The devil is in the details. The extend to which the World Bank and UN are willing to blackmail “Highly Indebted Poor Country’s” in implementing globally coordinated population control policies also becomes obvious in the second test-case example: Yemen:
“In the lending portfolio, restructuring of the Health Sector Reform Project (which includes family planning) is proposed and is expected to lead to a Population II Project to specifically address high fertility and family planning issues. Pillars two and three address population and reproductive health. Contraception is addressed effectively, and CPR is included as a CAS indicator. Furthermore, earlier in 2006, the Bank produced a study on “Promoting the Demand for FP in Yemen.”
“High fertility and rapid population growth”, the document reads, “were not only acknowledged as major impediments to economic growth and poverty reduction, but was included as one of the specific goals that was subsequently translated into policies, programs, and an indicator (reduce population growth rate by 3 percent per annum). Moreover, budget was allocated specifically for each of the four population policies that were outlined.”

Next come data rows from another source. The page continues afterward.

text \<open>Sharp implies pseudo-Dedekind: sharpness applied to \<open>(x : a) a \<le> x\<close> writes a principal
  \<open>x \<noteq> 0\<close> as \<open>x = b\<^sub>1 b\<^sub>2\<close> with \<open>(x : a) \<le> b\<^sub>1\<close> and \<open>a \<le> b\<^sub>2\<close>, whence \<open>b\<^sub>1 = (x : a)\<close>; and since
  principal elements of a chain with compact \<open>1\<close> are compact, factors of \<open>x\<close> are principal.

  Pseudo-Dedekind implies \<open>L \<cong> \<int>\<^sub>-\<close> or \<open>L \<cong> \<real>\<^sub>1\<close>: let \<open>M\<close> be the largest element below \<open>1\<close>
  (it exists since \<open>1\<close> is compact). Principality of residuals makes the powers of every
  principal \<open>w \<noteq> 0, 1\<close> coinitial among the nonzero elements. If \<open>M\<close> is principal, every
  nonzero element is a power of \<open>M\<close>, giving \<open>\<int>\<^sub>-\<close>. Otherwise fix a principal \<open>0 < u < 1\<close> and
  let \<open>v(x) = sup\<^sub>q \<lfloor>log\<^sub>u x\<^sup>q\<rfloor> / q\<close>: this is an additive, strictly order-reversing valuation on
  the nonzero principal elements, and since \<open>M\<close> is not principal every principal \<open>w \<noteq> 1\<close>
  splits into two factors, one of value at most \<open>v(w)/2\<close>; so the values are dense in, and
  then equal to, \<open>[0, \<infinity>)\<close>. Sending \<open>y\<close> to the set of values of the principal elements
  below it (together with \<open>\<infinity>\<close>) is an isomorphism onto \<open>\<real>\<^sub>1\<close>.

  Finally \<open>\<int>\<^sub>-\<close> and \<open>\<real>\<^sub>1\<close> are sharp, and sharpness is invariant under isomorphism.\<close>

lemma Sup_finite_in_chain:
  fixes T :: "'a::complete_lattice set"
  assumes linear: "\<forall>x y :: 'a. x \<le> y \<or> y \<le> x" and "finite T" "T \<noteq> {}"
  shows "Sup T \<in> T"
  using assms(2,3)
proof (induction T rule: finite_ne_induct)
  case (insert x F)
  then show ?case using linear by (metis Sup_insert insertCI sup.absorb1 sup.absorb2)
qed simp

The dimensions of this “Global Consensus” are extensive. These diabolical dimensions are being described in the 2007 “Discussion Paper” with the help of the catch-phrase: “Multisectoral approach”:
“A more systematic approach to mainstream population within the core agenda (…) would greatly enhance the adoption of a truly multisectoral approach. (….) The Bank’s comparative advantages in strengthening health systems are mainly in the areas of health financing, system governance, accountability for health service delivery, and demand-side interventions, all of which are important to further the population agenda.”
The authors continue:
“By supporting large-scale implementation of an integrated health sector plan that includes family planning, the Bank can play an important role in keeping family planning as a priority in high fertility and high-population-momentum countries. Even though historically some successful family planning programs were based on a vertical approach, such an approach is now considered less attractive, both from a sustainability standpoint as well as from a comprehensive reproductive health approach.”
However deceptive and “rational” the language, the document is nevertheless strangely upfront about their full-spectrum dominance, to make use of a military phrase:
“Unless population issues are approached in a multipronged fashion, it is unlikely to accelerate a demographic transition in these countries.”
The report goes on to say that: “The Bank is well positioned to systematically include population and reproductive health dimensions in key strategic documents (…). The Bank is particularly well placed to provide the fiscal and economic analysis to ensure that funding of population issues is placed within the overall development financing agenda of the country.”
“This strategy can be best achieved by a coordinated strategy implemented by a visible, strong, and high-level in-country unit with the mandate to design, monitor, and evaluate the effectiveness of the program. The Bank can help strengthen such institutional mechanisms, and foster collaboration with external national or international partners.”